▶ Task data
(* Let $n\geq 2$ be an integer and let $m\neq\pm1$ be a square-free integer. Let $\sqrt[n]{m}$ denote a root of $X^n-m$. Then every algebraic integer in $\mathbb{Q}(\sqrt[n]{m})$ can be written in the basis $(1,\sqrt[n]{m},\ldots,\sqrt[n]{m^{n-1}})$ with rational coefficients having a denominator $d$ satisfying $\gcd(d,m)=1$.
   Context: Here $\sqrt[n]{m^{j}}$ means $(\sqrt[n]{m})^{j}$. Since $m$ is square-free and $m\neq\pm1$, $X^n-m$ is irreducible over $\mathbb{Q}$, so $(1,\sqrt[n]{m},\ldots,\sqrt[n]{m^{n-1}})$ is a $\mathbb{Q}$-basis of $\mathbb{Q}(\sqrt[n]{m})$. *)

theory Defs
  imports Complex_Main "HOL-Computational_Algebra.Computational_Algebra"
begin

text \<open>The field \<open>\<rat>(a)\<close> inside \<open>\<complex>\<close>: the smallest subfield of \<open>\<complex>\<close> containing \<open>a\<close>
  (every subfield contains \<open>\<rat>\<close>).\<close>
definition subfield_complex :: "complex set \<Rightarrow> bool" where
  "subfield_complex K \<longleftrightarrow> 0 \<in> K \<and> 1 \<in> K \<and>
     (\<forall>x\<in>K. \<forall>y\<in>K. x + y \<in> K \<and> x - y \<in> K \<and> x * y \<in> K) \<and>
     (\<forall>x\<in>K. x \<noteq> 0 \<longrightarrow> inverse x \<in> K)"

definition rat_adjoin :: "complex \<Rightarrow> complex set" where
  "rat_adjoin a = \<Inter> {K. subfield_complex K \<and> a \<in> K}"

end

theory Submission
  imports Defs "HOL-Computational_Algebra.Field_as_Ring" "Jordan_Normal_Form.Char_Poly"
begin

text \<open>Write \<open>x \<in> \<rat>(\<alpha>)\<close> as a polynomial of degree \<open>< n\<close> in \<open>\<alpha>\<close> and clear denominators:
  \<open>x = \<Sum> (c\<^sub>i / d) \<alpha>\<^sup>i\<close>. If a prime \<open>p\<close> divides \<open>d\<close> and \<open>m\<close>, then \<open>(d / p) x = \<Sum> (c\<^sub>i / p) \<alpha>\<^sup>i\<close>
  is an algebraic integer. By induction on \<open>j\<close>, \<open>p | c\<^sub>j\<close>: multiplying by \<open>\<alpha>\<^bsup>n-1-j\<^esup>\<close> makes
  every other term integral (the earlier ones since \<open>p | c\<^sub>i\<close>, the later ones since \<open>\<alpha>\<^sup>n = m\<close>
  supplies a factor \<open>p\<close>), so \<open>t = (c\<^sub>j / p) \<alpha>\<^bsup>n-1\<^esup>\<close> is an algebraic integer; then
  \<open>t\<^sup>n = c\<^sub>j\<^sup>n m\<^bsup>n-1\<^esup> / p\<^sup>n\<close> is a rational integer, which forces \<open>p | c\<^sub>j\<close> because \<open>p\<^sup>2 \<nmid> m\<close>.
  Hence \<open>p\<close> cancels from \<open>d\<close>, and descent on \<open>d\<close> ends with \<open>d\<close> coprime to \<open>m\<close>.\<close>

definition zspan :: "'a::comm_ring_1 list \<Rightarrow> 'a set" where
  "zspan gs = {u. \<exists>c :: nat \<Rightarrow> int. u = (\<Sum>i<length gs. of_int (c i) * gs ! i)}"

lemma zspanI: "u = (\<Sum>i<length gs. of_int (c i) * gs ! i) \<Longrightarrow> u \<in> zspan gs"
  unfolding zspan_def by blast
lemma compression_eq_iff:
  assumes T1: "clinear T1" and T2: "clinear T2"
  shows "P \<circ> T1 \<circ> P = P \<circ> T2 \<circ> P \<longleftrightarrow>
    (\<forall>i<n. \<forall>j<n. \<forall>\<xi>. Vadj i (T1 (V j \<xi>)) = Vadj i (T2 (V j \<xi>)))"
proof
  assume eq: "P \<circ> T1 \<circ> P = P \<circ> T2 \<circ> P"
  have entry: "cinner (Vadj i (T (V j \<xi>))) z = cinner (P (T (P (V j \<xi>)))) (V i z)"
    if "i < n" "j < n" for T i j \<xi> z
    using that by (simp add: Vadj_adjoint P_selfadjoint P_V)
  show "\<forall>i<n. \<forall>j<n. \<forall>\<xi>. Vadj i (T1 (V j \<xi>)) = Vadj i (T2 (V j \<xi>))"
  proof (intro allI impI cinner_ext_left)
    fix i j \<xi> z assume "i < n" "j < n"
    then show "cinner (Vadj i (T1 (V j \<xi>))) z = cinner (Vadj i (T2 (V j \<xi>))) z"
      using fun_cong[OF eq, of "V j \<xi>"] by (simp only: entry comp_apply)
  qed
next
  assume "\<forall>i<n. \<forall>j<n. \<forall>\<xi>. Vadj i (T1 (V j \<xi>)) = Vadj i (T2 (V j \<xi>))"
  then show "P \<circ> T1 \<circ> P = P \<circ> T2 \<circ> P"
    unfolding P_def by (simp add: fun_eq_iff clinear_sum[OF T1] clinear_sum[OF T2] clinear_sum[OF Vadj_clinear])
qed

end

section \<open>Extreme points have injective compression maps\<close>

lemma commutant_bounded: "A \<in> commutant \<Phi> \<Longrightarrow> bounded_clinear A"
  by (simp add: commutant_def)

lemma commutant_commute: "A \<in> commutant \<Phi> \<Longrightarrow> A (\<Phi> a x) = \<Phi> a (A x)"
  by (simp add: commutant_def fun_eq_iff)

lemma id_in_commutant: "id \<in> commutant \<Phi>"
  by (simp add: commutant_def bounded_clinear_id)

lemma cinner_plus_selfadjoint_nonneg:
  assumes sa: "is_adjoint A A" and K: "\<And>y. norm (A y) \<le> norm y * K" and eK: "\<bar>e\<bar> * K \<le> 1"
  shows "Im (cinner (y + e *\<^sub>R A y) y) = 0 \<and> 0 \<le> Re (cinner (y + e *\<^sub>R A y) y)"
proof -
  have "cnj (cinner (A y) y) = cinner (A y) y"
    using is_adjointD[OF sa, of y y] cinner_cnj[of y "A y"] by simp
  then have im: "Im (cinner (A y) y) = 0" by (metis cnj.sel(2) neg_equal_zero)
  have "\<bar>Re (cinner (A y) y)\<bar> \<le> norm (A y) * norm y"
    using abs_Re_le_cmod cinner_cauchy_schwarz order_trans by blast
  also have "\<dots> \<le> K * (norm y)\<^sup>2"
    using mult_right_mono[OF K[of y], of "norm y"] by (simp add: power2_eq_square algebra_simps)
  finally have "\<bar>e * Re (cinner (A y) y)\<bar> \<le> (\<bar>e\<bar> * K) * (norm y)\<^sup>2"
    unfolding abs_mult mult.assoc by (rule mult_left_mono) simp
  also have "\<dots> \<le> (norm y)\<^sup>2" using mult_right_mono[OF eK, of "(norm y)\<^sup>2"] by simp
  finally show ?thesis
    using im by (simp add: cinner_add_left cinner_scaleR_left cinner_self_eq_norm_square)
qed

▶ Task
Reproduce every entry exactly, with nothing added or dropped.

▶ Solution below
(* Let $n\geq 2$ be an integer and let $m\neq\pm1$ be a square-free integer. Let $\sqrt[n]{m}$ denote a root of $X^n-m$. Then every algebraic integer in $\mathbb{Q}(\sqrt[n]{m})$ can be written in the basis $(1,\sqrt[n]{m},\ldots,\sqrt[n]{m^{n-1}})$ with rational coefficients having a denominator $d$ satisfying $\gcd(d,m)=1$.
   Context: Here $\sqrt[n]{m^{j}}$ means $(\sqrt[n]{m})^{j}$. Since $m$ is square-free and $m\neq\pm1$, $X^n-m$ is irreducible over $\mathbb{Q}$, so $(1,\sqrt[n]{m},\ldots,\sqrt[n]{m^{n-1}})$ is a $\mathbb{Q}$-basis of $\mathbb{Q}(\sqrt[n]{m})$. *)

theory Defs
  imports Complex_Main "HOL-Computational_Algebra.Computational_Algebra"
begin

text \<open>The field \<open>\<rat>(a)\<close> inside \<open>\<complex>\<close>: the smallest subfield of \<open>\<complex>\<close> containing \<open>a\<close>
  (every subfield contains \<open>\<rat>\<close>).\<close>
definition subfield_complex :: "complex set \<Rightarrow> bool" where
  "subfield_complex K \<longleftrightarrow> 0 \<in> K \<and> 1 \<in> K \<and>
     (\<forall>x\<in>K. \<forall>y\<in>K. x + y \<in> K \<and> x - y \<in> K \<and> x * y \<in> K) \<and>
     (\<forall>x\<in>K. x \<noteq> 0 \<longrightarrow> inverse x \<in> K)"

definition rat_adjoin :: "complex \<Rightarrow> complex set" where
  "rat_adjoin a = \<Inter> {K. subfield_complex K \<and> a \<in> K}"

end

theory Submission
  imports Defs "HOL-Computational_Algebra.Field_as_Ring" "Jordan_Normal_Form.Char_Poly"
begin

text \<open>Write \<open>x \<in> \<rat>(\<alpha>)\<close> as a polynomial of degree \<open>< n\<close> in \<open>\<alpha>\<close> and clear denominators:
  \<open>x = \<Sum> (c\<^sub>i / d) \<alpha>\<^sup>i\<close>. If a prime \<open>p\<close> divides \<open>d\<close> and \<open>m\<close>, then \<open>(d / p) x = \<Sum> (c\<^sub>i / p) \<alpha>\<^sup>i\<close>
  is an algebraic integer. By induction on \<open>j\<close>, \<open>p | c\<^sub>j\<close>: multiplying by \<open>\<alpha>\<^bsup>n-1-j\<^esup>\<close> makes
  every other term integral (the earlier ones since \<open>p | c\<^sub>i\<close>, the later ones since \<open>\<alpha>\<^sup>n = m\<close>
  supplies a factor \<open>p\<close>), so \<open>t = (c\<^sub>j / p) \<alpha>\<^bsup>n-1\<^esup>\<close> is an algebraic integer; then
  \<open>t\<^sup>n = c\<^sub>j\<^sup>n m\<^bsup>n-1\<^esup> / p\<^sup>n\<close> is a rational integer, which forces \<open>p | c\<^sub>j\<close> because \<open>p\<^sup>2 \<nmid> m\<close>.
  Hence \<open>p\<close> cancels from \<open>d\<close>, and descent on \<open>d\<close> ends with \<open>d\<close> coprime to \<open>m\<close>.\<close>

definition zspan :: "'a::comm_ring_1 list \<Rightarrow> 'a set" where
  "zspan gs = {u. \<exists>c :: nat \<Rightarrow> int. u = (\<Sum>i<length gs. of_int (c i) * gs ! i)}"

lemma zspanI: "u = (\<Sum>i<length gs. of_int (c i) * gs ! i) \<Longrightarrow> u \<in> zspan gs"
  unfolding zspan_def by blast
lemma compression_eq_iff:
  assumes T1: "clinear T1" and T2: "clinear T2"
  shows "P \<circ> T1 \<circ> P = P \<circ> T2 \<circ> P \<longleftrightarrow>
    (\<forall>i<n. \<forall>j<n. \<forall>\<xi>. Vadj i (T1 (V j \<xi>)) = Vadj i (T2 (V j \<xi>)))"
proof
  assume eq: "P \<circ> T1 \<circ> P = P \<circ> T2 \<circ> P"
  have entry: "cinner (Vadj i (T (V j \<xi>))) z = cinner (P (T (P (V j \<xi>)))) (V i z)"
    if "i < n" "j < n" for T i j \<xi> z
    using that by (simp add: Vadj_adjoint P_selfadjoint P_V)
  show "\<forall>i<n. \<forall>j<n. \<forall>\<xi>. Vadj i (T1 (V j \<xi>)) = Vadj i (T2 (V j \<xi>))"
  proof (intro allI impI cinner_ext_left)
    fix i j \<xi> z assume "i < n" "j < n"
    then show "cinner (Vadj i (T1 (V j \<xi>))) z = cinner (Vadj i (T2 (V j \<xi>))) z"
      using fun_cong[OF eq, of "V j \<xi>"] by (simp only: entry comp_apply)
  qed
next
  assume "\<forall>i<n. \<forall>j<n. \<forall>\<xi>. Vadj i (T1 (V j \<xi>)) = Vadj i (T2 (V j \<xi>))"
  then show "P \<circ> T1 \<circ> P = P \<circ> T2 \<circ> P"
    unfolding P_def by (simp add: fun_eq_iff clinear_sum[OF T1] clinear_sum[OF T2] clinear_sum[OF Vadj_clinear])
qed

end

section \<open>Extreme points have injective compression maps\<close>

lemma commutant_bounded: "A \<in> commutant \<Phi> \<Longrightarrow> bounded_clinear A"
  by (simp add: commutant_def)

lemma commutant_commute: "A \<in> commutant \<Phi> \<Longrightarrow> A (\<Phi> a x) = \<Phi> a (A x)"
  by (simp add: commutant_def fun_eq_iff)

lemma id_in_commutant: "id \<in> commutant \<Phi>"
  by (simp add: commutant_def bounded_clinear_id)

lemma cinner_plus_selfadjoint_nonneg:
  assumes sa: "is_adjoint A A" and K: "\<And>y. norm (A y) \<le> norm y * K" and eK: "\<bar>e\<bar> * K \<le> 1"
  shows "Im (cinner (y + e *\<^sub>R A y) y) = 0 \<and> 0 \<le> Re (cinner (y + e *\<^sub>R A y) y)"
proof -
  have "cnj (cinner (A y) y) = cinner (A y) y"
    using is_adjointD[OF sa, of y y] cinner_cnj[of y "A y"] by simp
  then have im: "Im (cinner (A y) y) = 0" by (metis cnj.sel(2) neg_equal_zero)
  have "\<bar>Re (cinner (A y) y)\<bar> \<le> norm (A y) * norm y"
    using abs_Re_le_cmod cinner_cauchy_schwarz order_trans by blast
  also have "\<dots> \<le> K * (norm y)\<^sup>2"
    using mult_right_mono[OF K[of y], of "norm y"] by (simp add: power2_eq_square algebra_simps)
  finally have "\<bar>e * Re (cinner (A y) y)\<bar> \<le> (\<bar>e\<bar> * K) * (norm y)\<^sup>2"
    unfolding abs_mult mult.assoc by (rule mult_left_mono) simp
  also have "\<dots> \<le> (norm y)\<^sup>2" using mult_right_mono[OF eK, of "(norm y)\<^sup>2"] by simp
  finally show ?thesis
    using im by (simp add: cinner_add_left cinner_scaleR_left cinner_self_eq_norm_square)
qed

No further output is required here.